• _WORK TO COMPLETE_:
For the material that follows, return exactly the lines from the one with "else (u * t, v" through the one with "(p1 + x * exp", both ends included.

• _RECORDS SHOWN_:

(* Let $a\neq0$, $b\in\mathbb{R}$, $c\neq0$, $A_1=(a,b,c)$, $A_2=(-ae^{c},-be^{-c},-c)$, $0<\alpha<\pi$, and put $S=\sqrt{(a^2+1)e^{2c}-2e^{c}+1}$. Let $\epsilon=-1$ if $a>0$ and $\epsilon=+1$ if $a<0$. If $$\cos\alpha>\frac{e^{c}}{S}\cdot\frac{2-4e^{c}+\epsilon aS+e^{2c}\big(2a^2+2+\epsilon aS\big)}{\sqrt{(a^2+1)e^{6c}+e^{2c}\big(a^2+3+4\epsilon aS\big)+e^{4c}\big(6a^2+3+4\epsilon aS\big)-2e^{c}-4e^{3c}-2e^{5c}+1}},$$ then the translation-like $\alpha$-isoptic surface of $\overline{A_1A_2}$ is infinite: it contains points with arbitrarily large $z$-coordinate.
   Context: $\mathbf{Sol}$ is $\mathbb{R}^3$ with coordinates $(x,y,z)$, group law $(a,b,c)(x,y,z)=(x+ae^{-z},\,y+be^{z},\,z+c)$, and left-invariant metric $ds^2=e^{2z}dx^2+e^{-2z}dy^2+dz^2$. The translation curve starting at the origin with initial unit vector $(u,v,w)$ is $t\mapsto\big(-\tfrac{u}{w}(e^{-wt}-1),\tfrac{v}{w}(e^{wt}-1),wt\big)$ if $w\neq0$ and $t\mapsto(ut,vt,0)$ if $w=0$. For $P=(p_1,p_2,p_3)$ let $T_P(X,Y,Z)=(p_1+Xe^{-p_3},\,p_2+Ye^{p_3},\,p_3+Z)$; the translation curve from $P$ to $Q$ is the $T_P$-image of the translation curve from the origin to $T_P^{-1}(Q)$. The translation-like $\alpha$-isoptic surface of the translation-like segment $\overline{A_1A_2}$ is the set of points $P\notin\{A_1,A_2\}$ such that the angle at $P$, measured with the metric at $P$, between the initial tangent vectors of the translation curves from $P$ to $A_1$ and from $P$ to $A_2$ equals $\alpha$. Equivalently, $P=(x,y,z)$ lies on it iff $\cos\alpha=\dfrac{e^{z}(x+ae^{c})(x-a)+e^{-z}(y+be^{-c})(y-b)+4\sinh\frac{z+c}{2}\sinh\frac{z-c}{2}}{\sqrt{e^{z+c}(x-a)^2+e^{-(z+c)}(y-b)^2+4\sinh^2\frac{z-c}{2}}\sqrt{e^{z-c}(x+ae^{c})^2+e^{-(z-c)}(y+be^{-c})^2+4\sinh^2\frac{z+c}{2}}}$. *)

theory Defs
  imports "HOL-Analysis.Analysis"
begin

type_synonym pt = "real \<times> real \<times> real"

definition zc :: "pt \<Rightarrow> real" where
  "zc P = snd (snd P)"

text \<open>Translation curve starting at the origin with initial vector d = (u,v,w).\<close>
definition sol_tc :: "pt \<Rightarrow> real \<Rightarrow> pt" where
  "sol_tc d t = (case d of (u, v, w) \<Rightarrow>
     if w \<noteq> 0 then (-(u / w) * (exp (-(w * t)) - 1), (v / w) * (exp (w * t) - 1), w * t)
     else (u * t, v * t, 0))"

definition unit_vec :: "pt \<Rightarrow> bool" where
  "unit_vec d = (case d of (u, v, w) \<Rightarrow> u\<^sup>2 + v\<^sup>2 + w\<^sup>2 = 1)"

definition sol_T :: "pt \<Rightarrow> pt \<Rightarrow> pt" where
  "sol_T P X = (case P of (p1, p2, p3) \<Rightarrow> case X of (x, y, z) \<Rightarrow>
     (p1 + x * exp (-p3), p2 + y * exp p3, p3 + z))"

definition sol_T_inv :: "pt \<Rightarrow> pt \<Rightarrow> pt" where
  "sol_T_inv P Q = (case P of (p1, p2, p3) \<Rightarrow> case Q of (q1, q2, q3) \<Rightarrow>
     ((q1 - p1) * exp p3, (q2 - p2) * exp (-p3), q3 - p3))"

definition tc_init_tangent :: "pt \<Rightarrow> pt \<Rightarrow> pt \<Rightarrow> bool" where
  "tc_init_tangent P Q v = (\<exists>d t. unit_vec d \<and> 0 < t \<and> sol_tc d t = sol_T_inv P Q \<and>
      ((\<lambda>s. sol_T P (sol_tc d s)) has_vector_derivative v) (at 0))"

definition sol_inner :: "pt \<Rightarrow> pt \<Rightarrow> pt \<Rightarrow> real" where
  "sol_inner P v w = (case P of (p1, p2, p3) \<Rightarrow> case v of (v1, v2, v3) \<Rightarrow> case w of (w1, w2, w3) \<Rightarrow>
     exp (2 * p3) * v1 * w1 + exp (-(2 * p3)) * v2 * w2 + v3 * w3)"

definition sol_angle :: "pt \<Rightarrow> pt \<Rightarrow> pt \<Rightarrow> real" where
  "sol_angle P v w = arccos (sol_inner P v w / (sqrt (sol_inner P v v) * sqrt (sol_inner P w w)))"

definition isoptic :: "pt \<Rightarrow> pt \<Rightarrow> real \<Rightarrow> pt set" where
  "isoptic A1 A2 \<alpha> = {P. P \<noteq> A1 \<and> P \<noteq> A2 \<and>
     (\<exists>v1 v2. tc_init_tangent P A1 v1 \<and> tc_init_tangent P A2 v2 \<and> sol_angle P v1 v2 = \<alpha>)}"

end

theory Submission
  imports Defs
begin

• _SOLVED EXERCISE_:
     else (u * t, v * t, 0))"

definition unit_vec :: "pt \<Rightarrow> bool" where
  "unit_vec d = (case d of (u, v, w) \<Rightarrow> u\<^sup>2 + v\<^sup>2 + w\<^sup>2 = 1)"

definition sol_T :: "pt \<Rightarrow> pt \<Rightarrow> pt" where
  "sol_T P X = (case P of (p1, p2, p3) \<Rightarrow> case X of (x, y, z) \<Rightarrow>
     (p1 + x * exp (-p3), p2 + y * exp p3, p3 + z))"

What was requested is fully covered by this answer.